Testing at John Owings landfill will check if cleanup is needed State will determine if chemicals endanger water or are spreading


For Carroll County, the cost of indifference to what people were dumping into landfills decades ago has been $7.6 million to date.

The price tag could be an additional $2.5 million to $3 million if the Maryland Department of the Environment orders the county to cleanse ground water seeping out of the John Owings landfill north of Westminster. The water contains arsenic and cancer-causing chemicals at levels higher than federal standards for safe drinking water.

The well test results have not shown any indication that contaminated water has moved beyond the landfill site.

MDE has no deadline for determining whether to direct the county to install a pumping and treatment system at the landfill. Quentin W. Banks, MDE spokesman, said the decision will be based on the geology and hydrogeology of the site, whether the contaminants seem to be static or indicate potential to increase, whether toxic substances have migrated off the landfill property and how they might affect the neighborhood.

Carroll County is also monitoring ground water that seeps through the closed Bark Hill landfill near Union Bridge and Hodges landfill near Eldersburg under a 9-year-old consent order with MDE. The consent order required the county to cap the landfills, continue monitoring and correct spreading pollution.

Well tests to monitor contamination at those sites cost $300 each. The county has spent $50,000 on tests since monitoring began in 1991.

Wells at all three landfills have shown contaminants higher than Environmental Protection Agency drinking water standards.

Bark Hill and Hodges landfills, closed in 1981, show fewer of the problematic petroleum-based compounds and metals than John Owings, which was closed in 1988.

County officials are using new landfill technology to make sure local residents' grandchildren don't have to pay for similar cleanups.

"The old landfill technique was find the lowest spot and fill in the hole," said James E. Slater Jr., county environmental services administrator.

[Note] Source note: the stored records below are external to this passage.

text \<open>Count permutations of \<open>[l]\<close> by the number \<open>n\<close> of moved points and \<open>k\<close> of exceedances.
  A permutation of \<open>[l+1]\<close> either fixes \<open>l+1\<close> or arises from a permutation \<open>p\<close> of \<open>[l]\<close> by
  inserting \<open>l+1\<close> into a cycle right after some \<open>j\<close>; this creates the exceedance \<open>j\<close> and
  moves \<open>l+1\<close>, and changes the counts according to whether \<open>j\<close> was an exceedance, a moved
  non-exceedance or a fixed point of \<open>p\<close>. This gives a linear recurrence in \<open>l\<close>. Both
  \<open>(2k+3)^n\<close> and \<open>(2(n-k)+5)^n\<close> are supersolutions of its normalised form, by Bernoulli's
  inequality, hence so is their minimum, and induction on \<open>l\<close> bounds the count by
  \<open>(l choose n)\<close> times that minimum.\<close>

definition moved_points :: "(nat \<Rightarrow> nat) \<Rightarrow> nat \<Rightarrow> nat set" where
  "moved_points s l = {i \<in> {1..l}. s i \<noteq> i}"

definition perms_moved_exc :: "nat \<Rightarrow> nat \<Rightarrow> nat \<Rightarrow> (nat \<Rightarrow> nat) set" where
  "perms_moved_exc l n k =
     {s. s permutes {1..l} \<and> card (moved_points s l) = n \<and> card (exceedances s l) = k}"

lemma finite_perms_moved_exc: "finite (perms_moved_exc l n k)"
  by (rule finite_subset[OF _ finite_permutations[of "{1..l}"]]) (auto simp: perms_moved_exc_def)

lemma finite_moved_points [simp]: "finite (moved_points s l)"
  by (simp add: moved_points_def)

lemma finite_exceedances [simp]: "finite (exceedances s l)"
  by (simp add: exceedances_def)

lemma finite_fixed_points [simp]: "finite (fixed_points s l)"
  by (simp add: fixed_points_def)

lemma exceedances_subset_moved_points: "exceedances s l \<subseteq> moved_points s l"
  by (auto simp: exceedances_def moved_points_def)

lemma card_fixed_points: "card (fixed_points s l) = l - card (moved_points s l)"
proof -
  have "fixed_points s l = {1..l} - moved_points s l" "moved_points s l \<subseteq> {1..l}"
    by (auto simp: fixed_points_def moved_points_def)
  then show ?thesis by (simp add: card_Diff_subset finite_subset)
qed

lemma
  assumes "s (Suc l) = Suc l"
  shows moved_points_Suc_fixed: "moved_points s (Suc l) = moved_points s l"
    and exceedances_Suc_fixed: "exceedances s (Suc l) = exceedances s l"
  using assms by (auto simp: moved_points_def exceedances_def le_Suc_eq)

text \<open>\<open>p \<circ> transpose j (l+1)\<close> inserts \<open>l+1\<close> into the cycle of \<open>p\<close> right after \<open>j\<close>.\<close>

lemma
  assumes "p permutes {1..l}" and "j \<in> {1..l}"
  shows moved_points_insert_after:
      "moved_points (p \<circ> transpose j (Suc l)) (Suc l) = insert (Suc l) (insert j (moved_points p l))"
    and exceedances_insert_after:
      "exceedances (p \<circ> transpose j (Suc l)) (Suc l) = insert j (exceedances p l)"
  using assms(2) permutes_not_in[OF assms(1), of "Suc l"] permutes_in_image[OF assms(1), of j]
  by (auto simp: moved_points_def exceedances_def transpose_def le_Suc_eq)

lemma perm_decompose_last:
  assumes "s permutes {1..Suc l}" and "s (Suc l) \<noteq> Suc l"
  obtains p j where "p permutes {1..l}" "j \<in> {1..l}" "s = p \<circ> transpose j (Suc l)"
proof -
  define j where "j = inv s (Suc l)"
  have sj: "s j = Suc l" using permutes_inverses(1)[OF assms(1)] by (simp add: j_def)
  have "j \<in> {1..Suc l}" using permutes_not_in[OF assms(1)] sj by fastforce
  moreover have "j \<noteq> Suc l" using sj assms(2) by auto
  ultimately have j: "j \<in> {1..l}" by auto
  define p where "p = s \<circ> transpose j (Suc l)"
  have "p permutes {1..Suc l}" unfolding p_def
    by (rule permutes_compose[OF permutes_swap_id assms(1)]) (use j in auto)
  moreover have "p (Suc l) = Suc l" by (simp add: p_def sj)
  ultimately have "p permutes {1..l}"
    using permutes_superset by (metis Diff_iff atLeastAtMost_iff le_Suc_eq)
  moreover have "s = p \<circ> transpose j (Suc l)" by (simp add: p_def comp_assoc)
  ultimately show thesis using j that by blast
qed

lemma card_insert_after:
  assumes "p permutes {1..l}" and "j \<in> {1..l}"
  shows "card (moved_points (p \<circ> transpose j (Suc l)) (Suc l))
           = card (moved_points p l) + (if j \<in> moved_points p l then 1 else 2)"
    and "card (exceedances (p \<circ> transpose j (Suc l)) (Suc l))
           = card (exceedances p l) + (if j \<in> exceedances p l then 0 else 1)"
  using assms
  by (simp_all add: moved_points_insert_after exceedances_insert_after card_insert_if)
    (simp add: moved_points_def)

He said landfills now are located at higher elevations. The Northern Landfill at Reese is designed with two liners between the ground and the trash and a system to trap water that seeps through the landfill and send it to collection ponds.

Gary Horst, the county's deputy public works director, does not blame earlier generations for their attitude toward what was known in the 1950s and 1960s as "the dump."

"I wouldn't call it carelessness. I'd call it, that's the way it was done," Horst said. "Hoods Mill [landfill] was built with technology and protection of the environment. John Owings was built when the concern was getting rid of the waste."

Hoods Mill landfill, near Woodbine, was closed last year.

The contaminants that have turned up in Carroll are fairly common in old municipal landfills, said Banks.

L "It's not surprising to see these sorts of things," he said.

The contaminants include vinyl chloride resins used in building materials; chlorines and benzenes usually found in the breakdown of plastics and petrochemicals; cadmium, a metal found in food, tobacco and galvanized pipe; and arsenic, found in pesticides and phosphate fertilizers.

Banks said the petroleum-based compounds such as benzene are "not so caustic that they would burn you to touch, but not something that anyone in his right mind would recommend that you drink."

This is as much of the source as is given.